If I understand the problem correctly, you can solve it with a few changes in technique.

You need to make the raspberry _coulis_ thicker and more stable. To do this, raise the sugar content of the _coulis_ and cook it down more. In other words, you have to make your _coulis_ more jam like. In turn, you must slightly reduce the sugar ratios of the other layers to keep maintain the sweetness level. In fact, the contrast of sweetness, sourness (limon) and richness (coco) should make the tarte more interesting.

Apply the _coulis_ when it is still warm enough to pour and spread easily; and spread it rather thin. Then allow to cool until set up. You may even want to refrigerate the tart before applying the _crema de limon_. If the _creme_ is a custard, it should be applied as cool as possible and still spread evenly. It should then be smoothed as gently as possible with your palette knife. If the _cream_ is a flavored _chantilly_ (whipped cream), you may want to (a) whip it slightly less stiff; and/or (b) pipe it on; and (c) only then even it with your knife. The trick with a flavored chantilly is keeping it thin enough to handle easily, but sufficiently well whipped so the water doesn't separate. I find zest and liqueurs carry a lot of flavor with a minimum of liquid.

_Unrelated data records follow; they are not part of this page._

lemma closing_factor_le_1: "0 \<le> m \<Longrightarrow> closing_factor n m k \<le> 1"
  unfolding closing_factor_def
  by (intro mult_le_one divide_add_le_1) simp_all

lemma closing_factor_tendsto_1: "0 < m \<Longrightarrow> (\<lambda>n. closing_factor n m k) \<longlonglongrightarrow> 1"
  unfolding closing_factor_def by real_asymp

lemma A_set_entropy_ge_bad_pair:
  fixes sig tau :: "'e::finite \<Rightarrow> 'v" and L :: "'e \<Rightarrow> 'l"
  assumes stat: "stationary_edge_pmf sig tau P" and k: "0 < k"
    and prim: "\<forall>u v. \<exists>p. is_path sig tau p \<and> length p = k \<and> sig (hd p) = u \<and> tau (last p) = v"
    and typical: "w \<in> typical_paths sig tau P vroot \<zeta> n" "w' \<in> typical_paths sig tau P vroot \<zeta> n"
    and ham: "real (hamming (map L w) (map L w')) / real n < \<delta>" and \<zeta>: "0 < \<zeta>"
  shows "\<exists>Q\<in>A_set sig tau L P \<zeta> \<delta>.
           closing_factor n (min \<zeta> \<delta>) k * entropy_Q sig (empirical (zip w w')) \<le> entropy_Q sig Q"
proof -
  have w: "is_path sig tau w" "w \<noteq> []" "length w = n"
    and w': "is_path sig tau w'" "w' \<noteq> []" "length w' = n"
    using typical by (auto simp: typical_paths_def)
  obtain p where p: "length p = k" "is_path sig tau (w @ p)" "tau (last (w @ p)) = vroot"
    using closing_path[OF prim k w(1,2)] .
  obtain p' where p': "length p' = k" "is_path sig tau (w' @ p')" "tau (last (w' @ p')) = vroot"
    using closing_path[OF prim k w'(1,2)] .
  have "0 \<le> real (hamming (map L w) (map L w')) / real n" by simp
  then have m: "0 < min \<zeta> \<delta>" using ham \<zeta> by linarith
  define s where "s = real n * min \<zeta> \<delta> / (real n * min \<zeta> \<delta> + real (length p))"
  define Q where "Q = (\<lambda>x. s * empirical (zip (w @ p) (w' @ p')) x + (1 - s) * diagonal_coupling P x)"
  have "Q \<in> A_set sig tau L P \<zeta> \<delta>"
    unfolding Q_def s_def using m p p'
    by (intro closing_mixture_in_A_set[OF stat typical ham]) simp_all
  moreover have "closing_factor n (min \<zeta> \<delta>) k * entropy_Q sig (empirical (zip w w')) \<le> entropy_Q sig Q"
  proof -
    have "0 \<le> s" "s \<le> 1" using m by (simp_all add: s_def divide_add_le_1)
    moreover have "0 \<le> diagonal_coupling P x" for x
      using stat by (intro diagonal_coupling_nonneg) (simp add: stationary_edge_pmf_def less_imp_le)
    ultimately have "s * (real (length (zip w w')) / real (length (zip w w' @ zip p p')))
        * entropy_P (map_prod sig sig) (empirical (zip w w'))
        \<le> entropy_P (map_prod sig sig) (\<lambda>x. s * empirical (zip w w' @ zip p p') x
          + (1 - s) * diagonal_coupling P x)"
      by (rule entropy_P_closing_mixture_ge)
    then show ?thesis
      using w w' p p' by (simp add: Q_def closing_factor_def entropy_Q_eq_entropy_P s_def)
  qed
  ultimately show ?thesis by blast
qed

section \<open>The exponential bound on the bad mass\<close>

definition bad_pairs ::
  "('e::finite \<Rightarrow> 'v) \<Rightarrow> ('e \<Rightarrow> 'v) \<Rightarrow> ('e \<Rightarrow> 'l) \<Rightarrow> ('e \<Rightarrow> real) \<Rightarrow> 'v \<Rightarrow> real \<Rightarrow> real \<Rightarrow> nat
     \<Rightarrow> ('e list \<times> 'e list) set" where
  "bad_pairs sig tau L P vroot \<zeta> \<delta> n =
     {(w, w'). w \<in> typical_paths sig tau P vroot \<zeta> n \<and> w' \<in> typical_paths sig tau P vroot \<zeta> n
        \<and> w \<noteq> w' \<and> real (hamming (map L w) (map L w')) / real n < \<delta>}"

lemma P_bad_eq_sum_bad_pairs:
  "P_bad sig tau L P vroot \<zeta> \<delta> n
     = (\<Sum>(w, w')\<in>bad_pairs sig tau L P vroot \<zeta> \<delta> n. path_prob sig P w * path_prob sig P w')"
  unfolding P_bad_def bad_pairs_def ..

lemma entropy_empirical_bad_pair_le:
  fixes sig tau :: "'e::finite \<Rightarrow> 'v" and L :: "'e \<Rightarrow> 'l"
  assumes stat: "stationary_edge_pmf sig tau P" and k: "0 < k"
    and prim: "\<forall>u v. \<exists>p. is_path sig tau p \<and> length p = k \<and> sig (hd p) = u \<and> tau (last p) = v"
    and \<zeta>: "0 < \<zeta>" and pair: "(w, w') \<in> bad_pairs sig tau L P vroot \<zeta> \<delta> n"
    and A_bound: "\<And>Q. Q \<in> A_set sig tau L P \<zeta> \<delta> \<Longrightarrow> entropy_Q sig Q \<le> 2 * entropy_P sig P - I"
  defines "B \<equiv> real (card (UNIV :: ('e \<times> 'e) set)) / ln 2"
  shows "entropy_Q sig (empirical (zip w w'))
           \<le> 2 * entropy_P sig P - I + (1 - closing_factor n (min \<zeta> \<delta>) k) * B"
proof -
  define r where "r = closing_factor n (min \<zeta> \<delta>) k"
  define T where "T = empirical (zip w w')"
  have typical: "w \<in> typical_paths sig tau P vroot \<zeta> n" "w' \<in> typical_paths sig tau P vroot \<zeta> n"
    and ham: "real (hamming (map L w) (map L w')) / real n < \<delta>"
    using pair by (auto simp: bad_pairs_def)
  have "0 \<le> real (hamming (map L w) (map L w')) / real n" by simp
  then have "0 \<le> min \<zeta> \<delta>" using ham \<zeta> by linarith
  then have "r \<le> 1" by (simp add: r_def closing_factor_le_1)
  obtain Q where "Q \<in> A_set sig tau L P \<zeta> \<delta>" "r * entropy_Q sig T \<le> entropy_Q sig Q"
    using A_set_entropy_ge_bad_pair[OF stat k prim typical ham \<zeta>] by (auto simp: r_def T_def)
  then have rT: "r * entropy_Q sig T \<le> 2 * entropy_P sig P - I" using A_bound by fastforce
  have "zip w w' \<noteq> []" using typical by (auto simp: typical_paths_def)
  then have "entropy_Q sig T \<le> B"
    unfolding B_def T_def entropy_Q_eq_entropy_P
    by (intro entropy_P_le_card empirical_nonneg sum_empirical)
  then have "(1 - r) * entropy_Q sig T \<le> (1 - r) * B"
    using \<open>r \<le> 1\<close> by (intro mult_left_mono) auto
  with rT show ?thesis by (simp add: r_def T_def left_diff_distrib)
qed

lemma bad_pair_prob_le:
  fixes sig tau :: "'e::finite \<Rightarrow> 'v" and L :: "'e \<Rightarrow> 'l"
  assumes stat: "stationary_edge_pmf sig tau P" and k: "0 < k"
    and prim: "\<forall>u v. \<exists>p. is_path sig tau p \<and> length p = k \<and> sig (hd p) = u \<and> tau (last p) = v"
    and \<zeta>: "0 < \<zeta>" and pair: "(w, w') \<in> bad_pairs sig tau L P vroot \<zeta> \<delta> n"
    and A_bound: "\<And>Q. Q \<in> A_set sig tau L P \<zeta> \<delta> \<Longrightarrow> entropy_Q sig Q \<le> 2 * entropy_P sig P - I"
  defines "R \<equiv> 2 * log_transition_norm sig P * \<zeta> - I
      + (1 - closing_factor n (min \<zeta> \<delta>) k) * (real (card (UNIV :: ('e \<times> 'e) set)) / ln 2)"
  shows "path_prob sig P w * path_prob sig P w'
     \<le> 2 powr (real n * R) * path_prob (map_prod sig sig) (empirical (zip w w')) (zip w w')"
proof -
  define H where "H = entropy_Q sig (empirical (zip w w'))"
  have P: "\<And>e. 0 < P e" using stat by (simp add: stationary_edge_pmf_def)
  have w: "length w = n" "w \<noteq> []" "\<And>e. \<bar>real (count_list w e) / real n - P e\<bar> < \<zeta>"
    and w': "length w' = n" "w' \<noteq> []" "\<And>e. \<bar>real (count_list w' e) / real n - P e\<bar> < \<zeta>"
    using pair by (auto simp: bad_pairs_def typical_paths_def)
  have n: "0 < n" using w(1,2) by auto
  have "log 2 (path_prob sig P w) \<le> real n * (\<zeta> * log_transition_norm sig P - entropy_P sig P)"
    "log 2 (path_prob sig P w') \<le> real n * (\<zeta> * log_transition_norm sig P - entropy_P sig P)"
    using log_path_prob_typical_le[OF P w(1) n w(3)] log_path_prob_typical_le[OF P w'(1) n w'(3)] .
  moreover have "real n * H \<le> real n * (R - 2 * log_transition_norm sig P * \<zeta> + 2 * entropy_P sig P)"
    using entropy_empirical_bad_pair_le[OF stat k prim \<zeta> pair A_bound]
    by (intro mult_left_mono) (simp_all add: H_def R_def)
  ultimately have "log 2 (path_prob sig P w) + log 2 (path_prob sig P w') \<le> real n * R - real n * H"
    by (simp add: algebra_simps)
  then have "2 powr (log 2 (path_prob sig P w) + log 2 (path_prob sig P w')) \<le> 2 powr (real n * R - real n * H)"
    by (rule powr_mono) simp
  then have "path_prob sig P w * path_prob sig P w' \<le> 2 powr (real n * R - real n * H)"
    using path_prob_pos[of P sig, OF P] by (simp add: powr_add)
  also have "\<dots> = 2 powr (real n * R) * path_prob (map_prod sig sig) (empirical (zip w w')) (zip w w')"
    using w w' by (simp add: H_def path_prob_empirical entropy_Q_eq_entropy_P powr_diff powr_minus
        divide_inverse)
  finally show ?thesis .
qed

lemma P_bad_le:
  fixes sig tau :: "'e::finite \<Rightarrow> 'v" and L :: "'e \<Rightarrow> 'l" and n :: nat
  assumes stat: "stationary_edge_pmf sig tau P" and k: "0 < k"
    and prim: "\<forall>u v. \<exists>p. is_path sig tau p \<and> length p = k \<and> sig (hd p) = u \<and> tau (last p) = v"
    and \<zeta>: "0 < \<zeta>"
    and A_bound: "\<And>Q. Q \<in> A_set sig tau L P \<zeta> \<delta> \<Longrightarrow> entropy_Q sig Q \<le> 2 * entropy_P sig P - I"
  defines "R \<equiv> 2 * log_transition_norm sig P * \<zeta> - I
      + (1 - closing_factor n (min \<zeta> \<delta>) k) * (real (card (UNIV :: ('e \<times> 'e) set)) / ln 2)"
  shows "P_bad sig tau L P vroot \<zeta> \<delta> n \<le> 2 powr (real n * R) * (real n + 1) ^ card (UNIV :: ('e \<times> 'e) set)"
proof -
  define E where "E = 2 powr (real n * R)"
  define Bad where "Bad = bad_pairs sig tau L P vroot \<zeta> \<delta> n"
  define pair_path where "pair_path = (\<lambda>(w, w'). zip w w' :: ('e \<times> 'e) list)"
  have inj: "inj_on pair_path Bad"
  proof (rule inj_onI)
    fix x y assume "x \<in> Bad" "y \<in> Bad" "pair_path x = pair_path y"
    then show "x = y"
      by (cases x; cases y) (auto simp: pair_path_def Bad_def bad_pairs_def typical_paths_def
          zip_eq_conv)
  qed
  have paths: "pair_path ` Bad \<subseteq> paths_from (map_prod sig sig) (map_prod tau tau) n (vroot, vroot)"
    by (auto simp: pair_path_def Bad_def bad_pairs_def typical_paths_def paths_from_def
        is_path_zip hd_zip)
  have "path_prob sig P w * path_prob sig P w'
      \<le> E * path_prob (map_prod sig sig) (empirical (zip w w')) (zip w w')" if "(w, w') \<in> Bad" for w w'
    using bad_pair_prob_le[OF stat k prim \<zeta> that[unfolded Bad_def] A_bound] unfolding E_def R_def .
  then have "P_bad sig tau L P vroot \<zeta> \<delta> n
      \<le> (\<Sum>x\<in>Bad. E * path_prob (map_prod sig sig) (empirical (pair_path x)) (pair_path x))"
    unfolding P_bad_eq_sum_bad_pairs Bad_def[symmetric] pair_path_def by (intro sum_mono) auto
  also have "\<dots> = E * (\<Sum>z\<in>pair_path ` Bad. path_prob (map_prod sig sig) (empirical z) z)"
    by (simp add: sum.reindex[OF inj] sum_distrib_left)
  also have "\<dots> \<le> E * real ((n + 1) ^ card (UNIV :: ('e \<times> 'e) set))"
    using sum_path_prob_empirical_le[OF paths] by (intro mult_left_mono) (simp_all add: E_def)
  finally show ?thesis by (simp add: E_def add.commute)
qed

m.brown is much better at pastry than I am, so much better it's ridiculous. I only responded because I think she misunderstood your use of the term "glaze," which lead to a broader misunderstanding. Here in _el norte_ we usually reserve that term for something which goes on wet, and is used to put a shine on top of the tart; as opposed to something used in an interior layer. If m.brown is still paying attention to this thread, or if there's someone with more pastry experience, it would be nice to get their take -- once they understand how the _tarte_ is structured.

Buena suerte,
BDL


----------



## karendf (Jul 2, 2008)

ok, for argument's sake I'll start with some details. I think the suggestion from Brown on freezing it might work, but I would still have the same problem when I defrost. The problem maybe the fruit itself (I used grapes, raspberries, strawberries, mango and kiwi), I thinking the kiwi may have too much juice.

Tart is: pasta sucrée, baked with a coco cream made of pastry cream, powdered sugar, eggs, etc-it makes a sort of cake when baked.

Next raspberry coulis: raspberry pulp, sugar and gelatin...frozen overnight. Coulis is not the problem.

Over that on top: a LIME cream-yes custard like with eggs, lime juice, peel, sugar, and butter. stays overnight in fridge to thicken up.

The problem is: I put the neutral glaze (brillo neutro) to protect the fruit, and it seems the glaze mixes with juices, and the lime cream. 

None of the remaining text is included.